WHAT YOU SHOULD DO:
Give every line from the entries that contains "rule".

** PROVIDED DATA follows **

(* For all $t>0$, the limit $$P'_{*,-}(t):=\lim_{s\uparrow t}\frac{P_*(t)-P_*(s)}{t-s}$$ exists and belongs to $[-\tau_{\max},-\tau_{\min}]$.
   Context: Setting: $Q=\mathbb{T}^2\setminus\bigcup_i\mathcal{O}_i$ is a Sinai billiard table (finitely many pairwise disjoint convex closed domains $\mathcal{O}_i$ in the two-torus with $C^3$ boundaries of strictly positive curvature) with finite horizon (no trajectory makes only tangential collisions). $T:M\to M$, $M=\partial Q\times[-\pi/2,\pi/2]$ (coordinates $(r,\varphi)$), is the billiard map, $\tau(x)$ the free flight time from $x$ to $T(x)$, $\tau_{\min}=\inf\tau>0$, $\tau_{\max}=\sup\tau<\infty$, $\Sigma_n\tau=\sum_{k=0}^{n-1}\tau\circ T^k$. $\mathcal{S}_0=\{\varphi=\pm\pi/2\}$ and for $n\ge1$, $\mathcal{S}_n=\bigcup_{i=-n}^{0}T^i\mathcal{S}_0$; $\mathcal{M}_0^n$ is the set of maximal connected components of $M\setminus\mathcal{S}_n$. For $t\ge0$, $Q_n(t)=\sum_{A\in\mathcal{M}_0^n}\sup_Ae^{-t\Sigma_n\tau}$ and $P_*(t)=\lim_{n\to\infty}\frac1n\log Q_n(t)$ (the limit exists and $t\mapsto P_*(t)$ is convex). *)

theory Defs
  imports "HOL-Analysis.Analysis"
begin

text \<open>Abstract rendering of the billiard objects. M is the phase space, T the
billiard map, tau the free flight time, S0 the set {phi = +-pi/2}.\<close>

text \<open>S_n = union over i = -n..0 of T^i S_0, i.e. the points x with T^k x in S_0 for some 0 <= k <= n.\<close>
definition sing_set :: "('a \<Rightarrow> 'a) \<Rightarrow> 'a set \<Rightarrow> 'a set \<Rightarrow> nat \<Rightarrow> 'a set" where
  "sing_set T M S0 n = (\<Union>k\<in>{0..n}. {x \<in> M. (T ^^ k) x \<in> S0})"

definition cells :: "('a \<Rightarrow> 'a) \<Rightarrow> 'a::topological_space set \<Rightarrow> 'a set \<Rightarrow> nat \<Rightarrow> 'a set set" where
  "cells T M S0 n = components (M - sing_set T M S0 n)"

definition birkhoff_sum :: "('a \<Rightarrow> 'a) \<Rightarrow> ('a \<Rightarrow> real) \<Rightarrow> nat \<Rightarrow> 'a \<Rightarrow> real" where
  "birkhoff_sum T tau n x = (\<Sum>k<n. tau ((T ^^ k) x))"

definition Qn :: "('a \<Rightarrow> 'a) \<Rightarrow> ('a \<Rightarrow> real) \<Rightarrow> 'a::topological_space set \<Rightarrow> 'a set \<Rightarrow> nat \<Rightarrow> real \<Rightarrow> real" where
  "Qn T tau M S0 n t = (\<Sum>A\<in>cells T M S0 n. (SUP x\<in>A. exp (- t * birkhoff_sum T tau n x)))"

definition Pstar :: "('a \<Rightarrow> 'a) \<Rightarrow> ('a \<Rightarrow> real) \<Rightarrow> 'a::topological_space set \<Rightarrow> 'a set \<Rightarrow> real \<Rightarrow> real" where
  "Pstar T tau M S0 t = lim (\<lambda>n. ln (Qn T tau M S0 n t) / real n)"

end

theory Submission
  imports Defs
begin

text \<open>Since \<open>n \<cdot> \<tau>_min \<le> \<Sigma>_n \<tau> \<le> n \<cdot> \<tau>_max\<close>, raising the parameter from \<open>s\<close> to
  \<open>t\<close> multiplies every supremum in \<open>Q_n\<close> by a factor between \<open>exp (-(t - s) n \<tau>_max)\<close> and
  \<open>exp (-(t - s) n \<tau>_min)\<close>; taking logarithms, dividing by \<open>n\<close> and letting \<open>n \<rightarrow> \<infinity>\<close>,
  every difference quotient of \<open>P_*\<close> lies in \<open>[-\<tau>_max, -\<tau>_min]\<close>. By Hoelder's inequality
  each \<open>log Q_n\<close> is convex, hence so is \<open>P_*\<close>, and the left difference quotients of a convex
  function increase as \<open>s \<uparrow> t\<close>; being bounded, they converge.\<close>

definition partition_sum :: "'a set set \<Rightarrow> ('a \<Rightarrow> real) \<Rightarrow> real \<Rightarrow> real" where
  "partition_sum \<A> S s = (\<Sum>A\<in>\<A>. SUP x\<in>A. exp (- s * S x))"

lemma bdd_above_exp_neg_mult:
  fixes S :: "'a \<Rightarrow> real"
  assumes "\<And>x. x \<in> A \<Longrightarrow> lo \<le> S x" and "0 \<le> s"
  shows "bdd_above ((\<lambda>x. exp (- s * S x)) ` A)"
proof (rule bdd_aboveI2)
  fix x assume "x \<in> A"
  then show "exp (- s * S x) \<le> exp (- s * lo)"
    using assms by (simp add: mult_left_mono)
qed

lemma SUP_exp_pos:
  fixes S :: "'a \<Rightarrow> real"
  assumes "A \<noteq> {}" and "\<And>x. x \<in> A \<Longrightarrow> lo \<le> S x" and "0 \<le> s"
  shows "0 < (SUP x\<in>A. exp (- s * S x))"
proof -
  obtain x where x: "x \<in> A"
    using assms(1) by blast
  have "0 < exp (- s * S x)"
    by simp
  also have "\<dots> \<le> (SUP x\<in>A. exp (- s * S x))"
    using cSUP_upper[OF x bdd_above_exp_neg_mult] assms by blast
  finally show ?thesis .
qed

lemma SUP_exp_shift_bounds:
  fixes S :: "'a \<Rightarrow> real"
  assumes ne: "A \<noteq> {}" and bnd: "\<And>x. x \<in> A \<Longrightarrow> lo \<le> S x \<and> S x \<le> hi"
    and st: "0 \<le> s" "s \<le> t"
  shows "exp (- (t - s) * hi) * (SUP x\<in>A. exp (- s * S x)) \<le> (SUP x\<in>A. exp (- t * S x))"
    and "(SUP x\<in>A. exp (- t * S x)) \<le> exp (- (t - s) * lo) * (SUP x\<in>A. exp (- s * S x))"
proof -
  have bdd_s: "bdd_above ((\<lambda>x. exp (- s * S x)) ` A)"
    and bdd_t: "bdd_above ((\<lambda>x. exp (- t * S x)) ` A)"
    using bdd_above_exp_neg_mult[of A lo S] bnd st by auto
  have split: "exp (- t * S x) = exp (- (t - s) * S x) * exp (- s * S x)" for x
    by (simp flip: exp_add add: algebra_simps)
  have "exp (- s * S x) \<le> (SUP x\<in>A. exp (- t * S x)) / exp (- (t - s) * hi)" if x: "x \<in> A" for x
  proof -
    have "- (t - s) * hi \<le> - (t - s) * S x"
      using bnd[OF x] st by (intro mult_left_mono_neg) auto
    then have "exp (- (t - s) * hi) * exp (- s * S x) \<le> exp (- t * S x)"
      unfolding split by (intro mult_right_mono) auto
    also have "\<dots> \<le> (SUP x\<in>A. exp (- t * S x))"
      by (rule cSUP_upper[OF x bdd_t])
    finally show ?thesis by (simp add: field_simps)
  qed
  then have "(SUP x\<in>A. exp (- s * S x)) \<le> (SUP x\<in>A. exp (- t * S x)) / exp (- (t - s) * hi)"
    by (rule cSUP_least[OF ne])
  then show "exp (- (t - s) * hi) * (SUP x\<in>A. exp (- s * S x)) \<le> (SUP x\<in>A. exp (- t * S x))"
    by (simp add: field_simps)
  show "(SUP x\<in>A. exp (- t * S x)) \<le> exp (- (t - s) * lo) * (SUP x\<in>A. exp (- s * S x))"
  proof (rule cSUP_least[OF ne])
    fix x assume x: "x \<in> A"
    have "- (t - s) * S x \<le> - (t - s) * lo"
      using bnd[OF x] st by (intro mult_left_mono_neg) auto
    then have "exp (- t * S x) \<le> exp (- (t - s) * lo) * exp (- s * S x)"
      unfolding split by (intro mult_right_mono) auto
    also have "\<dots> \<le> exp (- (t - s) * lo) * (SUP x\<in>A. exp (- s * S x))"
      by (intro mult_left_mono cSUP_upper[OF x bdd_s]) auto
    finally show "exp (- t * S x) \<le> \<dots>" .
  qed
qed

lemma SUP_exp_convex_comb_le:
  fixes S :: "'a \<Rightarrow> real"
  assumes ne: "A \<noteq> {}" and bnd: "\<And>x. x \<in> A \<Longrightarrow> lo \<le> S x"
    and su: "0 \<le> s" "0 \<le> u" and w: "0 \<le> w" "w \<le> 1"
  shows "(SUP x\<in>A. exp (- (w * s + (1 - w) * u) * S x))
    \<le> (SUP x\<in>A. exp (- s * S x)) powr w * (SUP x\<in>A. exp (- u * S x)) powr (1 - w)"
proof (rule cSUP_least[OF ne])
  fix x assume x: "x \<in> A"
  have bdd_s: "bdd_above ((\<lambda>x. exp (- s * S x)) ` A)"
    and bdd_u: "bdd_above ((\<lambda>x. exp (- u * S x)) ` A)"
    using bdd_above_exp_neg_mult[of A lo S] bnd su by auto
  have "exp (- (w * s + (1 - w) * u) * S x) = exp (- s * S x) powr w * exp (- u * S x) powr (1 - w)"
    by (simp add: powr_def flip: exp_add add: algebra_simps)
  also have "\<dots> \<le> (SUP x\<in>A. exp (- s * S x)) powr w * (SUP x\<in>A. exp (- u * S x)) powr (1 - w)"
    using w by (intro mult_mono powr_mono2 cSUP_upper[OF x bdd_s] cSUP_upper[OF x bdd_u]) auto
  finally show "exp (- (w * s + (1 - w) * u) * S x) \<le> \<dots>" .
qed

lemma Holder_sum_powr:
  fixes x y :: "'b \<Rightarrow> real"
  assumes fin: "finite I" "I \<noteq> {}" and pos: "\<And>i. i \<in> I \<Longrightarrow> 0 < x i \<and> 0 < y i"
    and w: "0 \<le> w" "w \<le> 1"
  shows "(\<Sum>i\<in>I. x i powr w * y i powr (1 - w)) \<le> (\<Sum>i\<in>I. x i) powr w * (\<Sum>i\<in>I. y i) powr (1 - w)"
proof -
  define X where "X = (\<Sum>i\<in>I. x i)"
  define Y where "Y = (\<Sum>i\<in>I. y i)"
  have X: "0 < X" and Y: "0 < Y"
    unfolding X_def Y_def using fin pos by (auto intro: sum_pos)
  have "(\<Sum>i\<in>I. x i powr w * y i powr (1 - w)) / (X powr w * Y powr (1 - w))
      = (\<Sum>i\<in>I. (x i / X) powr w * (y i / Y) powr (1 - w))"
    using X Y pos by (simp add: sum_divide_distrib powr_divide)
  also have "\<dots> \<le> (\<Sum>i\<in>I. w * (x i / X) + (1 - w) * (y i / Y))"
    using pos X Y w by (intro sum_mono Youngs_inequality_0) auto
  also have "\<dots> = w * ((\<Sum>i\<in>I. x i) / X) + (1 - w) * ((\<Sum>i\<in>I. y i) / Y)"
    by (simp add: sum.distrib sum_distrib_left sum_divide_distrib)
  also have "\<dots> = 1"
    using X Y unfolding X_def Y_def by simp
  finally show ?thesis
    using X Y unfolding X_def Y_def by (simp add: divide_le_eq)
qed

lemma partition_sum_pos:
  assumes "finite \<A>" "\<A> \<noteq> {}" "{} \<notin> \<A>" and "\<And>x. x \<in> \<Union>\<A> \<Longrightarrow> lo \<le> S x" and "0 \<le> s"
  shows "0 < partition_sum \<A> S s"
  unfolding partition_sum_def using assms
  by (intro sum_pos SUP_exp_pos[where lo = lo]) auto

lemma ln_partition_sum_diff_bounds:
  assumes fam: "finite \<A>" "\<A> \<noteq> {}" "{} \<notin> \<A>"
    and bnd: "\<And>x. x \<in> \<Union>\<A> \<Longrightarrow> lo \<le> S x \<and> S x \<le> hi" and st: "0 \<le> s" "s \<le> t"
  shows "- (t - s) * hi \<le> ln (partition_sum \<A> S t) - ln (partition_sum \<A> S s)"
    and "ln (partition_sum \<A> S t) - ln (partition_sum \<A> S s) \<le> - (t - s) * lo"
proof -
  let ?Z = "partition_sum \<A> S"
  have Z_pos: "0 < ?Z s" "0 < ?Z t"
    using partition_sum_pos[OF fam, of lo S] bnd st by auto
  have "exp (- (t - s) * hi) * ?Z s \<le> ?Z t"
    unfolding partition_sum_def sum_distrib_left
    using fam bnd st by (intro sum_mono SUP_exp_shift_bounds(1)[where lo = lo]) auto
  then have "ln (exp (- (t - s) * hi) * ?Z s) \<le> ln (?Z t)"
    using Z_pos by (subst ln_le_cancel_iff) auto
  then show "- (t - s) * hi \<le> ln (?Z t) - ln (?Z s)"
    using Z_pos by (simp add: ln_mult)
  have "?Z t \<le> exp (- (t - s) * lo) * ?Z s"
    unfolding partition_sum_def sum_distrib_left
    using fam bnd st by (intro sum_mono SUP_exp_shift_bounds(2)[where hi = hi]) auto
  then have "ln (?Z t) \<le> ln (exp (- (t - s) * lo) * ?Z s)"
    using Z_pos by (subst ln_le_cancel_iff) auto
  then show "ln (?Z t) - ln (?Z s) \<le> - (t - s) * lo"
    using Z_pos by (simp add: ln_mult)
qed

lemma partition_sum_log_convex:
  assumes fam: "finite \<A>" "\<A> \<noteq> {}" "{} \<notin> \<A>" and bnd: "\<And>x. x \<in> \<Union>\<A> \<Longrightarrow> lo \<le> S x"
  shows "convex_on {0..} (\<lambda>s. ln (partition_sum \<A> S s))"
proof (rule convex_onI)
  fix w s u :: real
  assume w: "0 < w" "w < 1" and su: "s \<in> {0..}" "u \<in> {0..}"
  let ?Z = "partition_sum \<A> S" and ?m = "(1 - w) * s + (1 - (1 - w)) * u"
  have Z_pos: "0 < ?Z s" "0 < ?Z u" "0 < ?Z ?m"
    using partition_sum_pos[OF fam, of lo S] bnd su w by auto
  have SUP_pos: "0 < (SUP x\<in>A. exp (- r * S x))" if "A \<in> \<A>" "0 \<le> r" for A r
    using SUP_exp_pos[of A lo S r] fam bnd that by blast
  have "?Z ?m \<le> (\<Sum>A\<in>\<A>. (SUP x\<in>A. exp (- s * S x)) powr (1 - w)
                           * (SUP x\<in>A. exp (- u * S x)) powr (1 - (1 - w)))"
    unfolding partition_sum_def
    using fam bnd su w by (intro sum_mono SUP_exp_convex_comb_le[where lo = lo]) auto
  also have "\<dots> \<le> ?Z s powr (1 - w) * ?Z u powr (1 - (1 - w))"
    unfolding partition_sum_def
    using fam su w SUP_pos by (intro Holder_sum_powr) auto
  finally have "ln (?Z ?m) \<le> ln (?Z s powr (1 - w) * ?Z u powr (1 - (1 - w)))"
    using Z_pos by (subst ln_le_cancel_iff) auto
  then show "ln (?Z ((1 - w) *\<^sub>R s + w *\<^sub>R u)) \<le> (1 - w) * ln (?Z s) + w * ln (?Z u)"
    using Z_pos by (simp add: ln_mult)
qed simp

lemma convex_on_tendsto:
  fixes f :: "nat \<Rightarrow> 'a::real_vector \<Rightarrow> real"
  assumes cvx: "\<And>n. convex_on C (f n)" and lim: "\<And>x. x \<in> C \<Longrightarrow> (\<lambda>n. f n x) \<longlonglongrightarrow> g x"
  shows "convex_on C g"
proof (rule convex_onI)
  show "convex C"
    using cvx[of 0] by (simp add: convex_on_def)
  fix w :: real and x y assume w: "0 < w" "w < 1" and xy: "x \<in> C" "y \<in> C"
  then have mem: "(1 - w) *\<^sub>R x + w *\<^sub>R y \<in> C"
    using \<open>convex C\<close> by (simp add: convexD)
  have le: "f n ((1 - w) *\<^sub>R x + w *\<^sub>R y) \<le> (1 - w) * f n x + w * f n y" for n
    using cvx w xy by (intro convex_onD) auto
  have rhs: "(\<lambda>n. (1 - w) * f n x + w * f n y) \<longlonglongrightarrow> (1 - w) * g x + w * g y"
    using lim xy by (intro tendsto_intros) auto
  show "g ((1 - w) *\<^sub>R x + w *\<^sub>R y) \<le> (1 - w) * g x + w * g y"
    by (rule tendsto_le[OF _ rhs lim[OF mem]]) (use le in auto)
qed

** End of PROVIDED DATA **

RESPONSE AREA:
proof (rule bdd_aboveI2)
      by (rule cSUP_upper[OF x bdd_t])
    by (rule cSUP_least[OF ne])
  proof (rule cSUP_least[OF ne])
proof (rule cSUP_least[OF ne])
proof (rule convex_onI)
proof (rule convex_onI)
    by (rule tendsto_le[OF _ rhs lim[OF mem]]) (use le in auto)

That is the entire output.